What you are asked to do: Scan the listing below for the word "locale" and copy every line that has it.

========

text \<open>A Weierstrass product, shifted so that no \<open>z\<^sub>n\<close> is the origin.\<close>
lemma entire_with_simple_zeros:
  fixes zs :: "nat \<Rightarrow> complex"
  assumes inj: "inj zs" and lim: "filterlim zs at_infinity sequentially"
  shows "\<exists>Q. Q holomorphic_on UNIV \<and> {z. Q z = 0} = range zs \<and> (\<forall>n. deriv Q (zs n) \<noteq> 0)"
proof -
  have "range zs \<noteq> UNIV" using uncountable_UNIV_complex by (metis countableI_type countable_image)
  then obtain w0 where w0: "w0 \<notin> range zs" by blast
  define a where "a n = zs n - w0" for n
  have a_vimage: "a -` {a n} = {n}" for n using inj by (auto simp: a_def inj_def)
  interpret W: weierstrass_product' a
  proof
    show "a n \<noteq> 0" for n using w0 by (auto simp: a_def)
    show "filterlim a at_infinity at_top" unfolding a_def
      using tendsto_add_filterlim_at_infinity[OF tendsto_const[of "- w0"] lim] by (simp add: add.commute)
    show "finite (a -` {z})" if "z \<in> range a" for z using that a_vimage by auto
  qed
  define Q where "Q z = W.f (z - w0)" for z
  have "Q holomorphic_on UNIV" unfolding Q_def
    by (intro holomorphic_on_compose_gen[unfolded o_def, OF _ W.holomorphic])
      (auto intro!: holomorphic_intros)
  moreover have "{z. Q z = 0} = range zs"
    by (auto simp: Q_def W.zero a_def image_iff)
  moreover have "deriv Q (zs n) \<noteq> 0" for n
  proof -
    have "(W.f has_field_derivative deriv W.f (a n)) (at (a n))"
      using W.holomorphic by (auto intro!: holomorphic_derivI[where S = UNIV])
    then have "(Q has_field_derivative deriv W.f (a n)) (at (zs n))"
      using DERIV_shift[where z = "- w0" and f = W.f and x = "zs n"] by (simp add: Q_def[abs_def] a_def)
    moreover have "deriv W.f (a n) \<noteq> 0"
      by (rule deriv_nonzero_if_zorder_1[OF W.holomorphic, of 0])
        (use W.zero W.a_nonzero a_vimage W.zorder in auto)
    ultimately show ?thesis using DERIV_imp_deriv by metis
  qed
  ultimately show ?thesis by blast
qed

lemma filterlim_at_infinity_if_finite_in_cballs:
  fixes zs :: "nat \<Rightarrow> complex"
  assumes inj: "inj zs" and fin: "\<And>R. finite (range zs \<inter> cball 0 R)"
  shows "filterlim zs at_infinity sequentially"
  unfolding filterlim_at_infinity[OF order_refl]
proof (intro allI impI)
  fix R :: real
  have "{n. \<not> R \<le> norm (zs n)} \<subseteq> zs -` (range zs \<inter> cball 0 R)" by auto
  moreover have "finite (zs -` (range zs \<inter> cball 0 R))"
    using finite_vimageI[OF fin inj] .
  ultimately have "finite {n. \<not> R \<le> norm (zs n)}" by (rule finite_subset)
  then show "eventually (\<lambda>n. R \<le> norm (zs n)) sequentially"
    by (simp add: eventually_cofinite cofinite_eq_sequentially[symmetric])
qed

section \<open>Operators diagonal at the nodes\<close>

locale diagonal_at_nodes =
  fixes F :: "complex \<Rightarrow> 'x::chilbert_space \<Rightarrow> 'x"
    and u :: "nat \<Rightarrow> 'x" and zs :: "nat \<Rightarrow> complex" and c :: "nat \<Rightarrow> complex"
  assumes entire: "entire_op F"
    and basis: "orthonormal_basis u"
    and c_nonzero: "\<forall>n. c n \<noteq> 0"
    and F_node: "\<forall>n v. F (zs n) v = scaleC (c n * cinner v (u n)) (u n)"
begin

lemma F_node_basis: "F (zs n) (u m) = (if m = n then scaleC (c n) (u n) else 0)"
  using F_node orthonormal_basis_cinner[OF basis, of m n] by auto

lemma cinner_F_node: "cinner (F (zs n) v) (u n) = c n * cinner v (u n)"
  using F_node orthonormal_basis_cinner[OF basis, of n n] by (simp add: cinner_scaleC_left)

lemma F_node_self_nonzero: "F (zs n) (u n) \<noteq> 0"
  using F_node_basis c_nonzero orthonormal_basis_nonzero[OF basis] by simp

lemma inj_nodes: "inj zs"
proof (rule injI)
  fix m n assume "zs m = zs n"
  then have "F (zs m) (u m) = F (zs n) (u m)" by simp
  then show "m = n" using F_node_basis F_node_self_nonzero by metis
qed

lemma nodes_eq_iff: "zs m = zs n \<longleftrightarrow> m = n"
  using inj_nodes by (auto simp: inj_def)

lemma lagr_node: "Q (zs m) = 0 \<Longrightarrow> lagr Q (zs n) (zs m) = (if m = n then 1 else 0)"
  using inj_nodes by (auto simp: lagr_def inj_def)

lemma cinner_quotient_node:
  assumes "F (zs n) w = scaleC (inverse (zs n - \<beta>)) (F (zs n) v)"
  shows "cinner w (u n) = cinner v (u n) / (zs n - \<beta>)"
proof -
  have "c n * cinner w (u n) = c n * (cinner v (u n) / (zs n - \<beta>))"
    using arg_cong[OF assms, of "\<lambda>x. cinner x (u n)"]
    by (simp add: cinner_F_node cinner_scaleC_left field_simps)
  then show ?thesis using c_nonzero mult_left_cancel by blast
qed

end

section \<open>A Lagrange expansion gives closedness under difference quotients\<close>

locale lagrange_expansion = diagonal_at_nodes +
  fixes Q :: "complex \<Rightarrow> complex" and A :: "complex \<Rightarrow> 'x::chilbert_space"
  assumes Q_holomorphic: "Q holomorphic_on UNIV"
    and Q_zeros: "{z. Q z = 0} = range zs"
    and deriv_Q_nonzero: "\<forall>n. deriv Q (zs n) \<noteq> 0"
    and A_nonzero: "\<forall>z. A z \<noteq> 0"
    and A_node: "\<forall>n. cinner (A (zs n)) (u n) \<noteq> 0"
    and expansion: "\<forall>f \<in> HF F. \<forall>z.
      (\<lambda>n. scaleC (cinner (f (zs n)) (u n) * lagr Q (zs n) z / cinner (A (zs n)) (u n)) (A z)) sums f z"
begin

definition coef :: "'x \<Rightarrow> nat \<Rightarrow> complex" where
  "coef x n = cinner (F (zs n) x) (u n) / cinner (A (zs n)) (u n)"

text \<open>Every \<open>F(z) x\<close> is a multiple \<open>phi x z\<close> of the single vector \<open>A(z)\<close>.\<close>
definition phi :: "'x \<Rightarrow> complex \<Rightarrow> complex" where
  "phi x z = (\<Sum>n. coef x n * lagr Q (zs n) z)"

lemma Q_eq_0_iff: "Q z = 0 \<longleftrightarrow> z \<in> range zs"
  using Q_zeros by blast

lemma coef_eq: "coef x n = c n * cinner x (u n) / cinner (A (zs n)) (u n)"
  by (simp add: coef_def cinner_F_node)

lemma phi_sums: "(\<lambda>n. coef x n * lagr Q (zs n) z) sums phi x z"
  and F_eq_phi: "F z x = scaleC (phi x z) (A z)"
proof -
  have "(\<lambda>z. F z x) \<in> HF F" by (auto simp: HF_def)
  from expansion[rule_format, OF this, of z]
  have "(\<lambda>n. scaleC (coef x n * lagr Q (zs n) z) (A z)) sums F z x" by (simp add: coef_def)
  from sums_scaleC_nonzero_vector[OF _ this] A_nonzero
  show "(\<lambda>n. coef x n * lagr Q (zs n) z) sums phi x z" "F z x = scaleC (phi x z) (A z)"
    unfolding phi_def by (metis sums_unique)+
qed

lemma phi_node: "phi x (zs m) = coef x m"
proof -
  have "(\<lambda>n. coef x n * lagr Q (zs n) (zs m)) = (\<lambda>n. if n = m then coef x n else 0)"
    using lagr_node[of Q m] Q_eq_0_iff by auto
  then show ?thesis using phi_sums[of x "zs m"] sums_single[of m "coef x"] sums_unique2 by metis
qed

lemma phi_basis: "phi (u k) z = coef (u k) k * lagr Q (zs k) z"
proof -
  have "(\<lambda>n. coef (u k) n * lagr Q (zs n) z) = (\<lambda>n. if n = k then coef (u k) k * lagr Q (zs k) z else 0)"
    using orthonormal_basis_cinner[OF basis, of k] by (auto simp: coef_eq)
  then have "(\<lambda>n. coef (u k) n * lagr Q (zs n) z) sums (coef (u k) k * lagr Q (zs k) z)"
    using sums_single[of k "\<lambda>_. coef (u k) k * lagr Q (zs k) z"] by simp
  then show ?thesis using phi_sums[of "u k" z] sums_unique2 by blast
qed

lemma exists_non_node: "\<exists>z. z \<notin> S \<and> z \<notin> range zs" if "countable S"
proof -
  have "countable (S \<union> range zs)" using that by simp
  then have "S \<union> range zs \<noteq> UNIV" using uncountable_UNIV_complex by metis
  then show ?thesis by blast
qed

lemma nodes_separated: "\<exists>r>0. \<forall>n. zs n \<noteq> \<beta> \<longrightarrow> r \<le> cmod (zs n - \<beta>)"
proof -
  obtain z0 where "z0 \<notin> range zs" using exists_non_node[of "{}"] by auto
  then have "eventually (\<lambda>z. Q z \<noteq> 0) (at \<beta>)"
    using non_zero_neighbour_alt[OF Q_holomorphic open_UNIV connected_UNIV, of \<beta> z0] Q_eq_0_iff
    by auto
  then obtain r where "r > 0" "\<And>z. z \<noteq> \<beta> \<Longrightarrow> dist z \<beta> < r \<Longrightarrow> Q z \<noteq> 0"
    unfolding eventually_at by blast
  then show ?thesis using Q_eq_0_iff by (metis dist_norm not_le rangeI)
qed

text \<open>When \<open>w\<close> is the coefficientwise quotient of \<open>v\<close> by \<open>z\<^sub>n - \<beta>\<close>, partial fractions
  turn the \<open>n\<close>-th term of \<open>(z - \<beta>) phi w z - phi v z\<close> into \<open>Q(z) tau v \<beta> n\<close>.\<close>
definition tau :: "'x \<Rightarrow> complex \<Rightarrow> nat \<Rightarrow> complex" where
  "tau v \<beta> n = coef v n / ((zs n - \<beta>) * deriv Q (zs n))"
(* Let $n\ge0$ and $k\ge1$. For every formula $\alpha$: if $\vdash_{L_n^k}\alpha$ then $\vDash_{\mathcal{R}_n^k}\alpha$.
   Context: Formulas are built from a countable set of propositional variables using unary $\neg,\circ$ and binary $\land,\lor,\to$; $\circ^0\alpha=\alpha$, $\circ^{m+1}\alpha=\circ(\circ^m\alpha)$, $\alpha\leftrightarrow\beta:=(\alpha\to\beta)\land(\beta\to\alpha)$. mbC is the Hilbert calculus with the axiom schemas of a standard axiomatization of positive classical propositional logic in $\land,\lor,\to$, plus (TND) $\alpha\lor\neg\alpha$ and (bc1) $\circ\alpha\to(\alpha\to(\neg\alpha\to\beta))$, modus ponens being the only rule; mbCciw is mbC plus (ciw) $\circ\alpha\lor(\alpha\land\neg\alpha)$. For $n\ge0$, $k\ge1$, $L_n^k$ is mbCciw plus (cc$^n$) $\circ^{n+2}\alpha$, (dn) $\neg\neg\alpha\leftrightarrow\alpha$, and (ip$^j$) $\neg\circ^j\neg\alpha\leftrightarrow\neg\circ^j\alpha$ for each $1\le j<k$. $\mathcal{M}_1$ is the three-valued Nmatrix with values $T,t,F$, designated set $D=\{T,t\}$, and: $\neg T=\{F\}$, $\neg t=\{t\}$, $\neg F=\{T\}$; $\circ T=\circ F=\{T,t\}$, $\circ t=\{F\}$; $x\land y=\{T,t\}$ if $x,y\in D$ else $\{F\}$; $x\lor y=\{T,t\}$ if $x\in D$ or $y\in D$ else $\{F\}$; $x\to y=\{T,t\}$ if $x\notin D$ or $y\in D$ else $\{F\}$. A valuation over $\mathcal{M}_1$ is a map $\vartheta$ from formulas to $\{T,t,F\}$ respecting these multioperations (the value of a compound is in the set assigned to the values of its components). $\mathcal{F}_n^k$ is the set of valuations $\vartheta$ over $\mathcal{M}_1$ such that for every formula $\alpha$: (vCc$^n$) if $\vartheta(\circ^n\alpha)\in\{T,F\}$ then $\vartheta(\circ^{n+1}\alpha)=T$; and (vip$^j$) $\vartheta(\circ^j\alpha)=\vartheta(\circ^j\neg\alpha)$ for each $1\le j\le k-1$. $\mathcal{R}_n^k=\langle\mathcal{M}_1,\mathcal{F}_n^k\rangle$, and $\vDash_{\mathcal{R}_n^k}\alpha$ means $\vartheta(\alpha)\in D$ for all $\vartheta\in\mathcal{F}_n^k$. *)

theory Defs
  imports Main
begin

datatype fm =
    Var nat
  | Neg fm
  | Circ fm
  | And fm fm
  | Or fm fm
  | Imp fm fm

fun circ_pow :: "nat \<Rightarrow> fm \<Rightarrow> fm" where
  "circ_pow 0 a = a"
| "circ_pow (Suc m) a = Circ (circ_pow m a)"

definition Iff :: "fm \<Rightarrow> fm \<Rightarrow> fm" where
  "Iff a b = And (Imp a b) (Imp b a)"

text \<open>Positive classical logic is given by the standard axioms Ax1--Ax9 of mbC
(Carnielli--Coniglio--Marcos), modus ponens is the only rule.\<close>

inductive derivL :: "nat \<Rightarrow> nat \<Rightarrow> fm \<Rightarrow> bool" for n k where
  Ax1: "derivL n k (Imp a (Imp b a))"
| Ax2: "derivL n k (Imp (Imp a b) (Imp (Imp a (Imp b c)) (Imp a c)))"
| Ax3: "derivL n k (Imp a (Imp b (And a b)))"
| Ax4: "derivL n k (Imp (And a b) a)"
| Ax5: "derivL n k (Imp (And a b) b)"
| Ax6: "derivL n k (Imp a (Or a b))"
| Ax7: "derivL n k (Imp b (Or a b))"
| Ax8: "derivL n k (Imp (Imp a c) (Imp (Imp b c) (Imp (Or a b) c)))"
| Ax9: "derivL n k (Or a (Imp a b))"
| TND: "derivL n k (Or a (Neg a))"
| bc1: "derivL n k (Imp (Circ a) (Imp a (Imp (Neg a) b)))"
| ciw: "derivL n k (Or (Circ a) (And a (Neg a)))"
| cc: "derivL n k (circ_pow (n + 2) a)"
| dn: "derivL n k (Iff (Neg (Neg a)) a)"
| ip: "1 \<le> j \<Longrightarrow> j < k \<Longrightarrow>
        derivL n k (Iff (Neg (circ_pow j (Neg a))) (Neg (circ_pow j a)))"
| MP: "derivL n k a \<Longrightarrow> derivL n k (Imp a b) \<Longrightarrow> derivL n k b"

datatype val = VT | Vt | VF

definition des :: "val set" where "des = {VT, Vt}"

fun negM :: "val \<Rightarrow> val set" where
  "negM VT = {VF}" | "negM Vt = {Vt}" | "negM VF = {VT}"

fun circM :: "val \<Rightarrow> val set" where
  "circM VT = {VT, Vt}" | "circM Vt = {VF}" | "circM VF = {VT, Vt}"

definition andM :: "val \<Rightarrow> val \<Rightarrow> val set" where
  "andM x y = (if x \<in> des \<and> y \<in> des then {VT, Vt} else {VF})"

definition orM :: "val \<Rightarrow> val \<Rightarrow> val set" where
  "orM x y = (if x \<in> des \<or> y \<in> des then {VT, Vt} else {VF})"

definition impM :: "val \<Rightarrow> val \<Rightarrow> val set" where
  "impM x y = (if x \<notin> des \<or> y \<in> des then {VT, Vt} else {VF})"

definition valuation :: "(fm \<Rightarrow> val) \<Rightarrow> bool" where
  "valuation v \<longleftrightarrow> (\<forall>a b.
      v (Neg a) \<in> negM (v a) \<and>
      v (Circ a) \<in> circM (v a) \<and>
      v (And a b) \<in> andM (v a) (v b) \<and>
      v (Or a b) \<in> orM (v a) (v b) \<and>
      v (Imp a b) \<in> impM (v a) (v b))"

definition F_nk :: "nat \<Rightarrow> nat \<Rightarrow> (fm \<Rightarrow> val) set" where
  "F_nk n k = {v. valuation v \<and>
     (\<forall>a. v (circ_pow n a) \<in> {VT, VF} \<longrightarrow> v (circ_pow (n + 1) a) = VT) \<and>
     (\<forall>a j. 1 \<le> j \<and> j \<le> k - 1 \<longrightarrow> v (circ_pow j a) = v (circ_pow j (Neg a)))}"

definition validR :: "nat \<Rightarrow> nat \<Rightarrow> fm \<Rightarrow> bool" where
  "validR n k a \<longleftrightarrow> (\<forall>v \<in> F_nk n k. v a \<in> des)"

end

theory Submission
  imports Defs
begin

(* Modus ponens and the axioms of mbCciw
   and (dn) hold in every valuation over M_1, because negation is deterministic and the
   binary connectives are classical with respect to designation. The axiom (cc^n) is
   enforced by (vCc^n), and each (ip^j) by (vip^j), again because the value of a negation
   is a function of the value of its argument. *)

lemma des_simps [simp]: "VT \<in> des" "Vt \<in> des" "VF \<notin> des"
  by (simp_all add: des_def)

lemma valuationD:
  assumes "valuation v"
  shows "v (Neg a) \<in> negM (v a)" and "v (Circ a) \<in> circM (v a)"
    and "v (And a b) \<in> andM (v a) (v b)" and "v (Or a b) \<in> orM (v a) (v b)"
    and "v (Imp a b) \<in> impM (v a) (v b)"
  using assms unfolding valuation_def by blast+

lemma valuation_Neg:
  "valuation v \<Longrightarrow> v (Neg a) = (case v a of VT \<Rightarrow> VF | Vt \<Rightarrow> Vt | VF \<Rightarrow> VT)"
  using valuationD(1)[of v a] by (cases "v a") auto

lemma valuation_Neg_Neg: "valuation v \<Longrightarrow> v (Neg (Neg a)) = v a"
  by (cases "v a") (simp_all add: valuation_Neg[of v])

lemma valuation_Circ_des: "valuation v \<Longrightarrow> v (Circ a) \<in> des \<longleftrightarrow> v a \<noteq> Vt"
  using valuationD(2)[of v a] by (cases "v a") (auto simp: des_def)

lemma valuation_And_des: "valuation v \<Longrightarrow> v (And a b) \<in> des \<longleftrightarrow> v a \<in> des \<and> v b \<in> des"
  using valuationD(3)[of v a b] by (auto simp: andM_def des_def split: if_splits)

lemma valuation_Or_des: "valuation v \<Longrightarrow> v (Or a b) \<in> des \<longleftrightarrow> v a \<in> des \<or> v b \<in> des"
  using valuationD(4)[of v a b] by (auto simp: orM_def des_def split: if_splits)

lemma valuation_Imp_des: "valuation v \<Longrightarrow> v (Imp a b) \<in> des \<longleftrightarrow> (v a \<in> des \<longrightarrow> v b \<in> des)"
  using valuationD(5)[of v a b] by (auto simp: impM_def des_def split: if_splits)

lemma valuation_Iff_des: "valuation v \<Longrightarrow> v (Iff a b) \<in> des \<longleftrightarrow> (v a \<in> des \<longleftrightarrow> v b \<in> des)"
  by (auto simp: Iff_def valuation_And_des valuation_Imp_des)

lemmas valuation_des_simps =
  valuation_And_des valuation_Or_des valuation_Imp_des valuation_Iff_des valuation_Circ_des

lemma F_nk_D:
  assumes "v \<in> F_nk n k"
  shows F_nk_valuation: "valuation v"
    and F_nk_vCc: "v (circ_pow n a) \<in> {VT, VF} \<Longrightarrow> v (circ_pow (n + 1) a) = VT"
    and F_nk_vip: "1 \<le> j \<Longrightarrow> j \<le> k - 1 \<Longrightarrow> v (circ_pow j a) = v (circ_pow j (Neg a))"
  using assms unfolding F_nk_def by blast+

(* If the n-th iterate is classical, (vCc^n) makes the next one T; otherwise it is t and
   the next one is F. Either way the (n+1)-th iterate is not t, so the (n+2)-th is
   designated. *)
lemma F_nk_circ_pow_des:
  assumes "v \<in> F_nk n k"
  shows "v (circ_pow (n + 2) a) \<in> des"
proof -
  have v: "valuation v"
    using assms by (rule F_nk_valuation)
  have "v (Circ (circ_pow n a)) \<noteq> Vt"
  proof (cases "v (circ_pow n a) = Vt")
    case True
    then show ?thesis
      using valuationD(2)[OF v, of "circ_pow n a"] by simp
  next
    case False
    then show ?thesis
      using F_nk_vCc[OF assms, of a] by (cases "v (circ_pow n a)") auto
  qed
  then show ?thesis
    using valuation_Circ_des[OF v, of "Circ (circ_pow n a)"] by (simp add: numeral_2_eq_2)
qed

theorem theorem25:
  fixes n k :: nat and \<alpha> :: fm
  assumes "k \<ge> 1"
  assumes "derivL n k \<alpha>"
  shows "validR n k \<alpha>"
  unfolding validR_def
proof
  fix v
  assume F: "v \<in> F_nk n k"
  then have v: "valuation v"
    by (rule F_nk_valuation)
  show "v \<alpha> \<in> des"
    using assms(2)
  proof induction
    case (TND a)
    show ?case by (cases "v a") (simp_all add: valuation_des_simps[OF v] valuation_Neg[OF v])
  next
    case (bc1 a b)
    show ?case by (cases "v a") (simp_all add: valuation_des_simps[OF v] valuation_Neg[OF v])
  next
    case (ciw a)
    show ?case by (cases "v a") (simp_all add: valuation_des_simps[OF v] valuation_Neg[OF v])
  next
    case (cc a)
    show ?case
      using F by (rule F_nk_circ_pow_des)
  next
    case (dn a)
    show ?case
      by (simp add: valuation_Iff_des[OF v] valuation_Neg_Neg[OF v])
  next
    case (ip j a)
    then have "v (circ_pow j (Neg a)) = v (circ_pow j a)"
      using F_nk_vip[OF F, of j a] by simp
    then show ?case
      by (simp add: valuation_Iff_des[OF v] valuation_Neg[OF v])
  next
    case (MP a b)
    then show ?case
      by (simp add: valuation_Imp_des[OF v])
  qed (auto simp: valuation_des_simps[OF v])
qed

end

========

Response to this exercise:
locale diagonal_at_nodes =
locale lagrange_expansion = diagonal_at_nodes +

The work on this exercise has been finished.